From Figure 13e–h, it is evident that further increasing the paper-mill white clay dosage exerts negative effects on the concrete structure. At 20% dosage, C-S-H gel and small CH crystals dominate, with a small amount of acicular AFt formed. The AFt is small in size and does not aggregate, integrating well with C-S-H gel and CH crystals to form a dense and continuous structure. At 25% dosage, the amount of large CH crystals and acicular AFt increases, with a few micropores and microcracks appearing, indicating further deterioration of the interfacial structure. At 30% and 35% dosage, the interfacial structure becomes loose, with numerous pores and microcracks present, and a large amount of acicular AFt formed—larger in size, entangled, and enriched. This leads to severe degradation of the interfacial structure.

This deterioration occurs because excessive paper-mill white clay dispersed in the cement paste adversely affects the bonding performance of the paste and interface, making it easier for pores and cracks to form. These defects create favorable conditions for the growth of acicular AFt. Given that AFt has strong expansive properties, its growth can easily induce expansion-induced cracking in concrete. Therefore, controlling AFt formation is crucial for improving the cracking resistance of concrete.

5. Conclusions

This study systematically investigates the feasibility and performance impacts of partially substituting cement with paper-mill white clay for the preparation of lightweight concrete. Using an orthogonal experimental design, the influence of the water–binder ratio, crushed stone volume replacement rate, and paper-mill white clay dosage on the cube compressive strength, splitting tensile strength, and early-age cracking resistance of the concrete was analyzed. The results demonstrate that an appropriate incorporation of paper-mill white clay effectively enhances both the mechanical properties and durability of the concrete:

(1) The cube compressive strength test results show that as the paper-mill white clay dosage increases, the cube compressive strength of concrete first increases and then decreases. When the paper-mill white clay dosage is 5%, the splitting tensile strength of paper-mill white clay lightweight concrete at all curing ages reaches the highest value. This indicates that incorporating an appropriate amount of paper-mill white clay can enhance both the cube compressive strength and splitting tensile strength of paper-mill white clay lightweight concrete.

(2) The early-age cracking resistance test results show that as the paper-mill white clay dosage increases, the early-age crack resistance of concrete first improves and then deteriorates. When the paper-mill white clay dosage is 15%, the early-age cracking resistance is optimal, achieving a crack resistance grade of L-IV.

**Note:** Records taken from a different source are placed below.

text \<open>Erd\H{o}s' bound on the primorial: the primes in \<open>(m+1, 2m+1]\<close> divide
  \<open>(2m+1 choose m) \<le> 4^m\<close>, and even \<open>n > 2\<close> are not prime.\<close>

lemma primorial_le_four_power: "\<Prod>{p. prime p \<and> p \<le> n} \<le> 4 ^ n"
proof (induction n rule: less_induct)
  case (less n)
  have "n < 2 \<or> n = 2 \<or> (n > 2 \<and> even n) \<or> (\<exists>m. n = 2 * m + 1 \<and> m \<ge> 1)"
    by presburger
  then consider "n < 2" | "n = 2" | "n > 2" "even n" | m where "n = 2 * m + 1" "m \<ge> 1"
    by blast
  then show ?case
  proof cases
    case 1
    then have "{p. prime p \<and> p \<le> n} = {}" by (auto dest: prime_ge_2_nat)
    then show ?thesis by (simp only: prod.empty) simp
  next
    case 2
    then have "{p. prime p \<and> p \<le> n} = {2}" by (auto dest: prime_ge_2_nat)
    then show ?thesis using 2 by simp
  next
    case 3
    then have "{p. prime p \<and> p \<le> n} = {p. prime p \<and> p \<le> n - 1}"
      using prime_odd_nat by (auto simp: le_eq_less_or_eq)
    then have "\<Prod>{p. prime p \<and> p \<le> n} = \<Prod>{p. prime p \<and> p \<le> n - 1}" by simp
    also have "\<dots> \<le> 4 ^ (n - 1)" using less[of "n - 1"] 3 by simp
    also have "\<dots> \<le> 4 ^ n" by (rule power_increasing) auto
    finally show ?thesis .
  next
    case 4
    let ?A = "{p. prime p \<and> p \<le> m + 1}"
    let ?B = "{p. prime p \<and> m + 1 < p \<and> p \<le> 2 * m + 1}"
    have "\<Prod>{p. prime p \<and> p \<le> n} = \<Prod>?A * \<Prod>?B"
      using 4 by (subst prod.union_disjoint[symmetric]) (auto intro: prod.cong)
    also have "\<dots> \<le> 4 ^ (m + 1) * 4 ^ m"
    proof (rule mult_le_mono)
      show "\<Prod>?A \<le> 4 ^ (m + 1)" using less[of "m + 1"] 4 by simp
      have "\<Prod>?B \<le> (2 * m + 1) choose m"
        by (rule dvd_imp_le[OF prod_primes_between_dvd_binomial]) simp
      then show "\<Prod>?B \<le> 4 ^ m" using odd_central_binomial_le[of m] by linarith
    qed
    also have "\<dots> = 4 ^ n" using 4 by (simp add: power_add[symmetric])
    finally show ?thesis .
  qed
qed

lemma card_prime_divisors_mult_log_le:
  fixes D :: nat and Q :: real
  assumes T: "\<And>p. p \<in> T \<Longrightarrow> prime p \<and> p dvd D \<and> Q \<le> real p" and "D > 0" "Q > 0"
  shows "real (card T) * log 2 Q \<le> log 2 (real D)"
proof -
  have "T \<subseteq> prime_factors D"
    using T \<open>D > 0\<close> by (auto simp: in_prime_factors_iff)
  then have fin: "finite T" by (rule finite_subset) simp
  have "\<Prod>T dvd D"
    by (rule prod_primes_dvd[OF fin]) (use T \<open>D > 0\<close> in auto)
  then have "\<Prod>T \<le> D" using \<open>D > 0\<close> by (rule dvd_imp_le)
  have "Q ^ card T = (\<Prod>p\<in>T. Q)" by simp
  also have "\<dots> \<le> (\<Prod>p\<in>T. real p)"
    using T \<open>Q > 0\<close> by (intro prod_mono) force
  also have "\<dots> = real (\<Prod>T)" by simp
  also have "\<dots> \<le> real D"
    using \<open>\<Prod>T \<le> D\<close> by (simp only: of_nat_le_iff)
  finally have "log 2 (Q ^ card T) \<le> log 2 (real D)"
    using \<open>Q > 0\<close> by (intro log_mono) auto
  then show ?thesis using \<open>Q > 0\<close> by (simp add: log_nat_power)
qed

lemma log2_le_three_sqrt:
  fixes P :: real
  assumes "P \<ge> 1"
  shows "log 2 P \<le> 3 * sqrt P"
proof -
  have "ln P = 2 * ln (sqrt P)" using assms by (simp add: ln_sqrt)
  also have "\<dots> \<le> 2 * (sqrt P - 1)" using ln_le_minus_one[of "sqrt P"] assms by simp
  finally have ln: "ln P \<le> 2 * (sqrt P - 1)" .
  have "log 2 P = ln P / ln 2" by (simp add: log_def)
  also have "\<dots> \<le> 2 * (sqrt P - 1) / (2 / 3)"
    using ln ln2_ge_two_thirds assms by (intro frac_le) auto
  also have "\<dots> \<le> 3 * sqrt P" by simp
  finally show ?thesis .
qed

lemma log2_ge_4:
  fixes P :: real
  assumes "P \<ge> 16"
  shows "log 2 P \<ge> 4"
  using assms log_le_cancel_iff[of 2 16 P] by (simp add: log_nat_power[of 2 2 4, simplified])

(3) Scanning electron microscopy (SEM) analysis reveals that at a 15% dosage, large-sized CH crystals are rarely present, and no obvious pores are observed. The structure is composed of various hydration products interwoven and bonded together, forming the most compact internal microstructure of the concrete.

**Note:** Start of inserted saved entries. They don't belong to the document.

(* For every perfect square $n$ and every integer $1\le k\le n$, \[\left|\mathbb E_{x\in\mathcal S(\sqrt n)}[x_1x_2\cdots x_k]\right|\le k^{3k}\,n^{-k/2}.\]
   Context: $\mathcal S(\sqrt n)=\{x\in\{\pm1\}^n:\sum_{i=1}^n x_i=\sqrt n\}$, and $x$ is uniform on $\mathcal S(\sqrt n)$. *)

theory Defs
  imports Complex_Main
begin

text \<open>The slice S(t) = {x in {-1,1}^n : x_1 + ... + x_n = t}; vectors are lists of
length n, coordinate x_i (1-based) is x ! (i-1).\<close>
definition slice :: "nat \<Rightarrow> real \<Rightarrow> int list set" where
  "slice n t = {x. length x = n \<and> set x \<subseteq> {-1, 1} \<and> real_of_int (sum_list x) = t}"

definition unif_expect :: "'a set \<Rightarrow> ('a \<Rightarrow> real) \<Rightarrow> real" where
  "unif_expect A f = (\<Sum>x\<in>A. f x) / real (card A)"

end

theory Submission
  imports Defs "HOL-Combinatorics.Permutations"
begin

text \<open>Let \<open>E(I)\<close> be the average of \<open>\<Prod>i\<in>I. x i\<close> over the slice \<open>S(t)\<close>. Permuting
  coordinates preserves the slice, so \<open>E(I)\<close> depends only on \<open>|I|\<close>; write \<open>E j\<close>. Multiplying
  \<open>x 1 \<cdots> x j\<close> by \<open>t = \<Sum>i. x i\<close> and using \<open>(x i)\<^sup>2 = 1\<close> gives the three-term recurrence
  \<open>t E j = j E (j - 1) + (n - j) E (j + 1)\<close>. While \<open>j \<le> n/2\<close> the coefficient \<open>n - j\<close> is at
  least \<open>n/2 \<ge> t\<^sup>2/2\<close>, so solving for \<open>E (j + 1)\<close> propagates the bounds \<open>t^j |E j| \<le> a j\<close>
  with \<open>a (j + 2) = 2 (a (j + 1) + (j + 1) a j)\<close>, and \<open>a k \<le> k^(3k)\<close>. For \<open>k > n/2 + 1\<close>
  the trivial bound \<open>|E k| \<le> 1\<close> suffices, because then \<open>n \<le> k\<^sup>6\<close>.\<close>

lemma unif_expect_cong:
  "(\<And>x. x \<in> A \<Longrightarrow> f x = g x) \<Longrightarrow> unif_expect A f = unif_expect A g"
  by (simp add: unif_expect_def)

lemma unif_expect_cmult: "unif_expect A (\<lambda>x. c * f x) = c * unif_expect A f"
  by (simp add: unif_expect_def sum_distrib_left)

lemma unif_expect_sum:
  "unif_expect A (\<lambda>x. \<Sum>i\<in>I. f i x) = (\<Sum>i\<in>I. unif_expect A (f i))"
  by (simp add: unif_expect_def sum.swap[of _ I] sum_divide_distrib)

lemma abs_unif_expect_le:
  assumes "\<And>x. x \<in> A \<Longrightarrow> \<bar>f x\<bar> \<le> 1"
  shows "\<bar>unif_expect A f\<bar> \<le> 1"
proof (cases "finite A \<and> A \<noteq> {}")
  case True
  have "\<bar>sum f A\<bar> \<le> (\<Sum>x\<in>A. \<bar>f x\<bar>)"
    by (rule sum_abs)
  also have "\<dots> \<le> (\<Sum>x\<in>A. 1)"
    by (rule sum_mono) (rule assms)
  finally have "\<bar>sum f A\<bar> \<le> real (card A)"
    by simp
  moreover have "real (card A) > 0"
    using True by (simp add: card_gt_0_iff)
  ultimately show ?thesis
    unfolding unif_expect_def abs_divide by simp
next
  case False
  then show ?thesis
    by (auto simp: unif_expect_def)
qed

lemma permutes_with_image:
  assumes "finite A" "I \<subseteq> A" "J \<subseteq> A" "card I = card J"
  obtains p where "p permutes A" "p ` I = J"
proof -
  have "finite I" "finite J"
    using assms finite_subset by auto
  then obtain g where g: "bij_betw g I J"
    using assms(4) finite_same_card_bij by blast
  have "card (A - I) = card (A - J)"
    using assms \<open>finite I\<close> \<open>finite J\<close> by (simp add: card_Diff_subset)
  then obtain h where h: "bij_betw h (A - I) (A - J)"
    using assms(1) finite_same_card_bij by blast
  define p where "p x = (if x \<in> I then g x else if x \<in> A then h x else x)" for x
  have "bij_betw p I J \<longleftrightarrow> bij_betw g I J"
    by (rule bij_betw_cong) (simp add: p_def)
  moreover have "bij_betw p (A - I) (A - J) \<longleftrightarrow> bij_betw h (A - I) (A - J)"
    by (rule bij_betw_cong) (simp add: p_def)
  ultimately have pIJ: "bij_betw p I J" and "bij_betw p (A - I) (A - J)"
    using g h by simp_all
  then have "bij_betw p (I \<union> (A - I)) (J \<union> (A - J))"
    by (rule bij_betw_combine) blast
  moreover have "I \<union> (A - I) = A" "J \<union> (A - J) = A"
    using assms(2,3) by auto
  ultimately have "bij_betw p A A"
    by simp
  moreover have "p x = x" if "x \<notin> A" for x
    using that assms(2) by (auto simp: p_def)
  ultimately have "p permutes A"
    by (rule bij_imp_permutes)
  then show ?thesis
    using pIJ by (intro that bij_betw_imp_surj_on)
qed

These results confirm that, through mix proportion optimization, the pozzolanic effect and micro-aggregate filling effect of paper-mill white clay can synergistically improve both the microstructure and macro-performance of concrete. This study has thereby achieved its set objectives: it has clarified the feasibility of using paper-mill white clay as a cement substitute in lightweight concrete, identified the appropriate dosage range (5–15%) for enhancing mechanical properties, and provided a practical technical pathway for the large-scale, high-value-added resource utilization of paper-mill white clay.